Every two years our state becomes embroiled in a bitter debate over the state budget. While there are a variety of plans on the table, it’s important to remember what Minnesotans want. Poll after poll shows that Minnesotans want a balanced approach that restores investments in the right priorities.
As champions of working people, we stand with the majority of Minnesotans who want a fair and balanced budget after decades of a broken system.
Over the past several years, special interests have rigged the tax code to favor elite corporations and the wealthy, while middle class families have shouldered more of the burden. We believe the governor’s budget eliminates tax breaks, closes loopholes for out-of-state corporations and ensures small businesses and the middle class don’t pay more taxes than profitable corporations.
The response from the state’s business community to the governor’s plan was disappointing. The state legislature has been giving tax breaks to big corporations while taking money out of the classroom and cutting critical services for seniors. As soon as business leaders faced the prospect of paying their fair share, they cried out.

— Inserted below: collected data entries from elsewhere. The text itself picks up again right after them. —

lemma fourier_atom_zero_if_weight_nonpos: "j < q \<Longrightarrow> \<mu> j \<le> 0 \<Longrightarrow> \<F> (\<Phi> j) \<xi> = 0\<^sub>m (d \<xi>) (d \<xi>)"
  by (rule fourier_zero_if_L2_norm_zero[OF \<Phi>_L2 atom_zero_if_weight_nonpos])

lemma energy_sum_zero_if_weight_nonpos: "j < q \<Longrightarrow> \<mu> j \<le> 0 \<Longrightarrow> energy_sum A (\<Phi> j) = 0"
  unfolding energy_sum_def
  by (rule einfsum_zero) (simp add: energy_def fourier_atom_zero_if_weight_nonpos frob_zero)

lemma OPT_nonneg: "OP UNIV \<ge> 0"
proof -
  have energy: "0 \<le> ereal (\<mu> j) * enn2ereal (energy_sum UNIV (\<Phi> j))" if "j < q" for j
    using that by (cases "\<mu> j \<le> 0")
      (auto simp: energy_sum_zero_if_weight_nonpos zero_ennreal.rep_eq intro!: mult_nonneg_nonneg)
  have fit: "0 \<le> enn2ereal (fit_sum UNIV \<Phi> l0 i) + ereal lam * penalty UNIV l0 i" for i
    using lam0 penalty_nonneg[of UNIV l0 i] by (auto intro!: add_nonneg_nonneg simp: ereal_zero_le_0_iff)
  have "0 \<le> obj UNIV \<Phi> l0"
    unfolding objective_eq by (rule add_nonneg_nonneg; rule sum_nonneg) (simp_all add: energy fit)
  then show ?thesis using obj_opt by simp
qed

lemma data_tail_finite_at_optimum:
  assumes fin: "OP UNIV \<noteq> \<infinity>" and i: "i < n"
  shows "data_tail i UNIV < \<infinity>"
proof -
  have ofin: "\<bar>obj UNIV \<Phi> l0\<bar> \<noteq> \<infinity>" using fin OPT_nonneg obj_opt by auto
  have "energy_sum UNIV (\<Phi> j) < \<infinity>" if "j < q" for j
    using energy_sum_finite[OF ofin that] energy_sum_zero_if_weight_nonpos[OF that]
    by (cases "\<mu> j = 0") auto
  then show ?thesis by (rule data_tail_finite[OF feas_opt i fit_sum_finite[OF ofin i]])
qed

lemma dst_tendsto_zero:
  assumes \<psi>: "\<And>k. feas UNIV (\<psi>s k) (ls k)" "\<And>k. obj UNIV (\<psi>s k) (ls k) = OP UNIV + ereal (\<epsilon> k)"
    and \<epsilon>: "\<And>k. \<epsilon> k \<ge> 0" "\<epsilon> \<longlonglongrightarrow> 0" and exact: "\<And>k. \<epsilon> k = 0 \<Longrightarrow> dst \<Phi> (\<psi>s k) \<le> 0"
  shows "(\<lambda>k. dst \<Phi> (\<psi>s k)) \<longlonglongrightarrow> 0"
proof (rule LIMSEQ_I)
  fix \<gamma> :: real assume "\<gamma> > 0"
  then have "\<forall>\<^sub>F e in at_right 0. \<delta> e < \<gamma>" by (rule order_tendstoD(2)[OF \<delta>_lim])
  then obtain s where s: "s > 0" "\<And>e. 0 < e \<Longrightarrow> e < s \<Longrightarrow> \<delta> e < \<gamma>"
    by (auto simp: eventually_at_right_field)
  obtain K where K: "\<And>k. k \<ge> K \<Longrightarrow> \<epsilon> k < s"
    using order_tendstoD(2)[OF \<epsilon>(2) s(1)] by (auto simp: eventually_sequentially)
  have "dst \<Phi> (\<psi>s k) < \<gamma>" if "k \<ge> K" for k
  proof (cases "\<epsilon> k = 0")
    case True
    then show ?thesis using exact \<open>\<gamma> > 0\<close> by fastforce
  next
    case False
    then have "dst \<Phi> (\<psi>s k) \<le> \<delta> (\<epsilon> k)" using canonical[OF \<epsilon>(1) \<psi>] by simp
    also have "\<dots> < \<gamma>" using s(2) K[OF that] \<epsilon>(1)[of k] False by simp
    finally show ?thesis .
  qed
  then show "\<exists>K. \<forall>k\<ge>K. norm (dst \<Phi> (\<psi>s k) - 0) < \<gamma>" using dst_nonneg by auto
qed

lemma optimal_perturbation_excess:
  assumes f: "feas UNIV \<psi> l" and opt: "obj UNIV \<psi> l = OP UNIV" and fin: "OP UNIV \<noteq> \<infinity>"
    and w: "in_L2 M w" and supp: "\<And>\<eta>. \<eta> \<noteq> \<xi>0 \<Longrightarrow> \<F> w \<eta> = 0\<^sub>m (d \<eta>) (d \<eta>)"
  obtains \<alpha> where "\<alpha> \<ge> 0" and "\<And>c. feas UNIV (perturb_first \<psi> w c) l"
    and "\<And>c. obj UNIV (perturb_first \<psi> w c) l = OP UNIV + ereal (\<alpha> * c\<^sup>2)"
proof -
  obtain Oval where Oval: "OP UNIV = ereal Oval" using fin OPT_nonneg by (cases "OP UNIV") auto
  have q0: "0 < q" using q1 by simp
  obtain h where h: "quadratic_fun h" and obj: "\<And>c. obj UNIV (perturb_first \<psi> w c) l = OP UNIV + ereal (h c)"
    using objective_perturb_first_quadratic[OF f _ w supp] opt Oval by auto
  have feas: "feas UNIV (perturb_first \<psi> w c) l" for c
    using f L2_perturb_first[of \<psi> _ w c, OF _ feas_L2[OF f q0] w] feas_L2[OF f]
    by (auto simp: feasible_def in_L2_H_def)
  have "h c \<ge> 0" for c using OPT_le[OF feas[of c]] obj[of c] Oval by simp
  moreover have "h 0 = 0" using obj[of 0] opt Oval by (simp add: perturb_first_def)
  ultimately obtain \<alpha> where "\<alpha> \<ge> 0" "\<And>c. h c = \<alpha> * c\<^sup>2" using quadratic_fun_nonneg[OF h] by blast
  then show ?thesis using that feas obj by simp
qed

But what do Minnesotans want?
Nearly 80 percent of Minnesotans believe we should close tax havens that operate overseas to avoid paying taxes. And almost 60 percent believe we should raise the income tax on the top two percent of Minnesotans.
The vast majority of Minnesotans support a reformed budget plan that puts the priorities back where they should be – growing the economy, educating children and caring for seniors. A balanced budget allows our state to make the crucial investments in education and care for our seniors.
A balanced budget also helps rebuild the middle class. With an increased minimum wage, families can take steps to reinvest in their communities. We support a new state minimum wage of $9.95. When we don’t allow people who work for a living to make a living, we force these workers onto publicly-subsidized programs.
Simply put – when the rich don’t pay their fair share, we all end up paying more.
A fair budget can help reverse the irresponsible cuts to education that have increased class sizes to among the highest in the country and made it much harder for middle class students to afford college. Our children have been forced to make sacrifices for years. Investments in education are critical to helping our state move forward.
When inflation is accounted for, per pupil funding has decreased by $2,199 over the last 10 years. Additionally, the stable revenue source for schools was repealed in 2001. Together, this means that schools are not getting the adequate funding they need and they do not know where the funding for the next two years will be coming from. This has led to an unprecedented increase in reliance on local levies to keep school doors open five days a week.
Minnesota’s schools and kids need new revenue, which is present in all budget proposals put forward this session. They also need a stable, equal funding source, which is available in bringing back the General Education Levy. Together, these changes will create a strong foundation for education in Minnesota to move forward.
One of the most concerning parts of this current discussion is the proposed cuts to Health and Human Services. The elderly and those living with disabilities have been used as political pawns year after year after year. While the population ages, programs for the elderly continue to be cut. Funding for nursing homes, healthcare professionals and home care programs have been slashed to extreme levels. We oppose the proposed cuts to health and human services.
Rather, we need investments in long-term care. We need to invest in workers through better wages and benefits to improve the quality of care for our seniors. A bill that would grant collective bargaining rights to home care workers would help stabilize the workforce and help us address the looming workforce crisis. We are all concerned about providing care and dignity to our seniors, and investing in better care now will help keep seniors out of nursing homes and save the state money down the road.
With a renewed emphasis on our state’s priorities like education, jobs and care for our seniors, Minnesota will be able to strengthen the state’s economy, restore fairness and invest in a brighter future.